World Economic Forum: 27 January – 1 February 1999

World Trade Union Leaders urge a fresh start for Globalisation
and call for social alliance

"Davos is the time for government and business leaders to recognise the need for a fresh start that would give globalisation the social dimension which it lacks. We are calling for an alliance involving the social partners to make the trading system sustainable, to tackle the concerns of developing countries and to protect workers everywhere during globalisation," said the world labour leaders attending the World Economic Forum.
"The failure of the WTO Ministerial Meeting last December, and the way it demonstrated the fragility of globalisation, has shown that people are no longer prepared to accept that world trade can operate free of ethical considerations", say the labour leaders. "If world trade is to regain popular confidence, it must have a more human face, and the power of working people can build policies to make that happen".
A team of nine international labour leaders will be presenting their call for world leaders to globalise social justice. "People are waking up to the wrongs which have been done in the name of globalisation. We are asking those present to commit themselves to work towards universal social justice". 

Six wrongs to be righted:

Trade union rights violations are worsening: 123 trade unionists were murdered in 1998, 1650 individuals were attacked or injured, 3660 were arrested, and a massive 21,427 were sacked for trade union activities. 
Social inequality is on the increase worldwide. Throughout the world the rich/poor gap is turning into a chasm both within and between countries. Of the 45 countries classified by the United Nations as the least developed nations, 33 are in Africa. 
Two thirds of illiterate adults are women, who bear the brunt of the world’s economic and social crisis.
Over US$1.5 trillion is exchanged every day in currency markets around the world; approximately 95% of which is speculative, and which fails to benefit the world’s poorest countries.
The real beneficiaries of the globalisation are the transnational corporations. Of the top 100 economies, 51 are these corporations. The combined sales of the world’s top 200 companies surpass the combined economies of 182 countries.
Over 250 million children are child labourers, who should be at school, being educated as their country’s future.
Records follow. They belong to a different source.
lemma Conf_upd: "y \<in> Conf n d \<Longrightarrow> i < n \<Longrightarrow> v < d \<Longrightarrow> y(i := v) \<in> Conf n d"
  by (auto simp: Conf_def)

lemma monomial_op_Z: "i < n \<Longrightarrow> monomial_op n d (lift1 i (gZ d)) id (\<lambda>y. omega d ^ y i)"
  unfolding monomial_op_def lift1_def gZ_def
  by (auto simp: fun_eq_iff)

lemma monomial_op_X:
  "i < n \<Longrightarrow> d > 0 \<Longrightarrow> monomial_op n d (lift1 i (gX d)) (\<lambda>y. y(i := (y i + 1) mod d)) (\<lambda>_. 1)"
proof -
  have "(\<forall>k. k \<noteq> i \<longrightarrow> x k = y k) \<and> x i = v \<longleftrightarrow> x = y(i := v)" for x y :: "nat \<Rightarrow> nat" and v
    by (auto simp: fun_eq_iff)
  then show "i < n \<Longrightarrow> d > 0 \<Longrightarrow> ?thesis"
    unfolding monomial_op_def lift1_def gX_def by (auto simp: Conf_upd)
qed

lemma monomial_op_S:
  "i < n \<Longrightarrow> monomial_op n d (lift1 i (gS d)) id (\<lambda>y. omega d ^ (y i * (y i + 1) div 2))"
  unfolding monomial_op_def lift1_def gS_def
  by (auto simp: fun_eq_iff)

lemma monomial_op_CX:
  "i < n \<Longrightarrow> k < n \<Longrightarrow> i \<noteq> k \<Longrightarrow> d > 0 \<Longrightarrow>
   monomial_op n d (CX d i k) (\<lambda>y. y(k := (y i + y k) mod d)) (\<lambda>_. 1)"
  unfolding monomial_op_def CX_def
  by (auto simp: Conf_upd fun_eq_iff)

lemma monomial_op_Z_pow:
  "i < n \<Longrightarrow> monomial_op n d (op_pow n d (lift1 i (gZ d)) m) id (\<lambda>y. omega d ^ (m * y i))"
proof (induction m)
  case 0
  show ?case
    unfolding op_pow.simps by (rule monomial_op_cong[OF monomial_op_id]) simp
next
  case (Suc m)
  show ?case
    unfolding op_pow.simps
    by (rule monomial_op_cong[OF monomial_op_mult[OF monomial_op_Z Suc.IH]]) (simp_all add: Suc.prems power_add)
qed
(* Let $h_{11},h_{20},h_{31},h_{40}\in\mathbb{R}$ and consider the planar Hamiltonian system $$\dot x=\frac{\partial \bar H_2}{\partial y}(x,y),\qquad \dot y=-\frac{\partial \bar H_2}{\partial x}(x,y),$$ where $$\bar H_2(x,y)=\tfrac12 y^2+(8h_{11}h_{20}+4h_{31})x^3+(4h_{20}-2h_{11}^2)x^2y+\tfrac12 y^3+\big[2h_{11}^2(h_{11}^2+4h_{20})+8(h_{11}h_{31}-h_{40})\big]x^4+(8h_{11}h_{20}+4h_{31})x^3y+(2h_{20}-h_{11}^2)x^2y^2+\tfrac18 y^4 .$$ Consider the conditions (A) $h_{31}\neq -2h_{11}h_{20}$; (B) $h_{31}=-2h_{11}h_{20}$ and $h_{20}^2+h_{40}>0$; (C) $h_{31}=-2h_{11}h_{20}$ and $h_{20}^2+h_{40}<0$. Then the origin is an isolated nilpotent singular point of this system if and only if one of (A), (B), (C) holds. Moreover, the origin is (i) a cusp of order 1 if and only if (A) holds; (ii) a nilpotent saddle of order 1 if and only if (B) holds; (iii) a nilpotent center of order 1 if and only if (C) holds.
   Context: Let $H(x,y)=\frac{\omega}{2}y^2+\sum_{i+j\ge 3}h_{ij}x^iy^j$ with $\omega>0$ be analytic near the origin (so the origin is a nilpotent critical point of $\dot x=H_y,\ \dot y=-H_x$). By the implicit function theorem there is a unique analytic function $\varphi(x)=O(x^2)$ with $H_y(x,\varphi(x))=0$ for $|x|$ small. Write $H_0^*(x)=H(x,\varphi(x))=\sum_{j\ge k}h_jx^j$ with $h_k\neq 0$, $k\ge 2$ (when $H_0^*\not\equiv 0$). The origin is called a cusp of order $m$ if $k=2m+1$; a nilpotent center of order $m$ if $k=2m+2$ and $h_k>0$; a nilpotent saddle of order $m$ if $k=2m+2$ and $h_k<0$. *)

theory Defs
  imports "HOL-Analysis.Analysis"
begin

definition Hbar2 :: "real \<Rightarrow> real \<Rightarrow> real \<Rightarrow> real \<Rightarrow> real \<Rightarrow> real \<Rightarrow> real" where
  "Hbar2 h11 h20 h31 h40 x y =
     1/2 * y^2 + (8*h11*h20 + 4*h31) * x^3 + (4*h20 - 2*h11^2) * x^2 * y + 1/2 * y^3
     + (2*h11^2*(h11^2 + 4*h20) + 8*(h11*h31 - h40)) * x^4
     + (8*h11*h20 + 4*h31) * x^3 * y + (2*h20 - h11^2) * x^2 * y^2 + 1/8 * y^4"

definition pdx :: "(real \<Rightarrow> real \<Rightarrow> real) \<Rightarrow> real \<Rightarrow> real \<Rightarrow> real" where
  "pdx H x y = deriv (\<lambda>t. H t y) x"
definition pdy :: "(real \<Rightarrow> real \<Rightarrow> real) \<Rightarrow> real \<Rightarrow> real \<Rightarrow> real" where
  "pdy H x y = deriv (\<lambda>t. H x t) y"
The labour leaders’ programme for 2000

The labour leaders have a six-point programme, which if carried out, could make substantial moves to right these wrongs.
There must be full respect of fundamental labour standards in all countries if trade is to create better conditions for the world’s working people.
There must be a social strategy for the new global economy, with a strong emphasis on social protection systems within individual countries.
There should be a greatly increased financial commitment by industrialised countries to development programmes in which gender issues are of principal consideration.
Aid should be targeted at social programmes, and there should be a determined campaign to wipe out poverty, reduce developing country debt and support democratic institutions.
Employment must be given a central role in the preparation of economic and social policy.
There is a need to develop good global industrial relations, which would include social partnership on general issues as well as addressing concerns from both sides of industry to resolve problems which arise inside global firms and sectors.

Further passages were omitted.